МЧС и корова

Петровна лишь с виду выглядела мрачной и сердитой, а в душе она, хоть сама себе в этом и боялась признаться, была милейшим человеком. Вечно занятая нескончаемыми домашними делами и до чёртиков устававшая, она мало улыбалась: на это требовались пусть и небольшие, но усилия, а она научилась экономить их для решения более нужных и важных забот, чем простая улыбка.

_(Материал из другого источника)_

lemma trunc_val_at_dominant_point:
  fixes \<mu> :: "'k::alg_closed_field poly \<Rightarrow> 'g::linordered_ab_group_add"
  assumes val: "krull_valuation \<mu>" and "0 < degree g"
    and "\<forall>r. poly g r = 0 \<longrightarrow> \<mu> [:-r, 1:] < \<mu> [:-a, 1:]"
  shows "poly g a \<noteq> 0 \<and> trunc_val \<mu> a g = \<mu> g \<and> \<mu> g = \<mu> [:poly g a:] \<and>
    trunc_val \<mu> a (smult (inverse (poly g a)) g) = 0 \<and>
    0 < trunc_val \<mu> a (smult (inverse (poly g a)) g - 1)"
proof -
  let ?g' = "smult (inverse (poly g a)) g"
  have g0: "g \<noteq> 0"
    using assms(2) by auto
  have ga: "poly g a \<noteq> 0" and mg: "\<mu> g = \<mu> [:poly g a:]"
    and "pcompose ?g' [:a, 1:] = 1 \<or>
      (\<exists>B>0. gauss_ge \<mu> (\<mu> [:-a, 1:]) B (pcompose ?g' [:a, 1:] - 1))"
    using normalized_shift_one_unit[OF val g0 assms(3)] by (simp_all add: Let_def)
  moreover have deg: "degree ?g' = degree g"
    using ga by simp
  then have "degree (pcompose ?g' [:a, 1:]) = degree g"
    by (simp add: degree_pcompose)
  then have "pcompose ?g' [:a, 1:] \<noteq> 1"
    using assms(2) by auto
  ultimately obtain B where "0 < B" "gauss_ge \<mu> (\<mu> [:-a, 1:]) B (pcompose ?g' [:a, 1:] - 1)"
    by blast
  from trunc_val_one_unit[OF val this(1) _ _ this(2)] deg assms(2) ga
  have "trunc_val \<mu> a ?g' = 0" "0 < trunc_val \<mu> a (?g' - 1)"
    by simp_all
  moreover have "trunc_val \<mu> a g = \<mu> [:poly g a:] + trunc_val \<mu> a ?g'"
    using trunc_val_smult[OF val ga, of ?g' a] ga g0 by simp
  ultimately show ?thesis
    using ga mg by simp
qed

lemma val_root_le_delta:
  assumes "g \<noteq> 0" "poly g r = 0"
  shows "\<mu> [:-r, 1:] \<le> delta \<mu> g"
  unfolding delta_def using assms poly_roots_finite[OF assms(1)] by (intro Max_ge) auto

theorem lemma2p12:
  fixes \<mu> :: "'k::alg_closed_field poly \<Rightarrow> 'g::linordered_ab_group_add"
    and f :: "'k poly" and a :: 'k
  assumes val: "krull_valuation \<mu>"
    and f_nonconst: "0 < degree f"
    and opt: "optimizing_root \<mu> f a"
  shows "(\<forall>g :: 'k poly. 0 < degree g \<and> delta \<mu> g < delta \<mu> f \<longrightarrow>
            poly g a \<noteq> 0 \<and>
            trunc_val \<mu> a g = \<mu> g \<and> \<mu> g = \<mu> [:poly g a:] \<and>
            trunc_val \<mu> a (smult (inverse (poly g a)) g) = 0 \<and>
            0 < trunc_val \<mu> a (smult (inverse (poly g a)) g - 1))
       \<and> (\<forall>(K :: 'k set) (Q :: 'k poly) (b :: 'k).
            subfield K \<and> algebraic_over K \<and> Q \<in> polys_over K \<and>
            key_polynomial \<mu> K Q \<and> 0 < degree Q \<and> optimizing_root \<mu> Q b \<longrightarrow>
            trunc_val \<mu> b Q = \<mu> Q)"
proof (rule conjI; intro allI impI; elim conjE)
  fix g :: "'k poly"
  assume "0 < degree g" "delta \<mu> g < delta \<mu> f"
  moreover from this have "\<forall>r. poly g r = 0 \<longrightarrow> \<mu> [:-r, 1:] < \<mu> [:-a, 1:]"
    using opt val_root_le_delta[of g _ \<mu>] by (fastforce simp: optimizing_root_def intro: le_less_trans)
  ultimately show "poly g a \<noteq> 0 \<and> trunc_val \<mu> a g = \<mu> g \<and> \<mu> g = \<mu> [:poly g a:] \<and>
    trunc_val \<mu> a (smult (inverse (poly g a)) g) = 0 \<and>
    0 < trunc_val \<mu> a (smult (inverse (poly g a)) g - 1)"
    by (intro trunc_val_at_dominant_point[OF val])
next
  \<comment> \<open>only the optimizing root is used\<close>
  fix Q :: "'k poly" and b :: 'k
  assume "0 < degree Q" "optimizing_root \<mu> Q b"
  then have Q0: "Q \<noteq> 0"
    by auto
  with \<open>optimizing_root \<mu> Q b\<close> have "\<forall>r. poly Q r = 0 \<longrightarrow> \<mu> [:-r, 1:] \<le> \<mu> [:-b, 1:]"
    using val_root_le_delta[OF Q0] by (auto simp: optimizing_root_def)
  then show "trunc_val \<mu> b Q = \<mu> Q"
    by (rule trunc_val_eq_val[OF val Q0])
qed

end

Петровне всего-то и надо было для радости часа два спокойствия да минут тридцать послеобеденного сна, но такая блажь ей день и в перспективе не маячила.

Облегчить суетную домашнюю жизнь Петровне мог бы муж её Фёдорыч, но был он не в меру без повода криклив, из-за любой мелочи ворчлив и слегка ленив во всяких своих делах. Больше всего нравилось ему перечить Петровне, потому часто меж ними по мизерным пустякам проскакивала незлобивая, но шумная своим появлением искра.

Тогда супруги вели свои разговоры так, что, казалось, вот-вот дойдёт до рукоприкладства. До большего у них ни разу не доходило и в мыслях подобной чуши не возникало. Общаясь таким образом, Петровна с Фёдорычем разнообразили скучную деревенскую жизнь. Близкие и соседи, поначалу тревожившиеся неожиданно возникающими спорами и готовые броситься на выручку одному из спорщиков, перестали обращать на них внимание: у каждого свои семейные традиции и порядки.

Мужская доля и пенсионный возраст успешно способствовали тому, что Фёдорыч позволял себе и днём поспать в удовольствие, и расслабиться на лавочке во дворе или на запасной у калитки.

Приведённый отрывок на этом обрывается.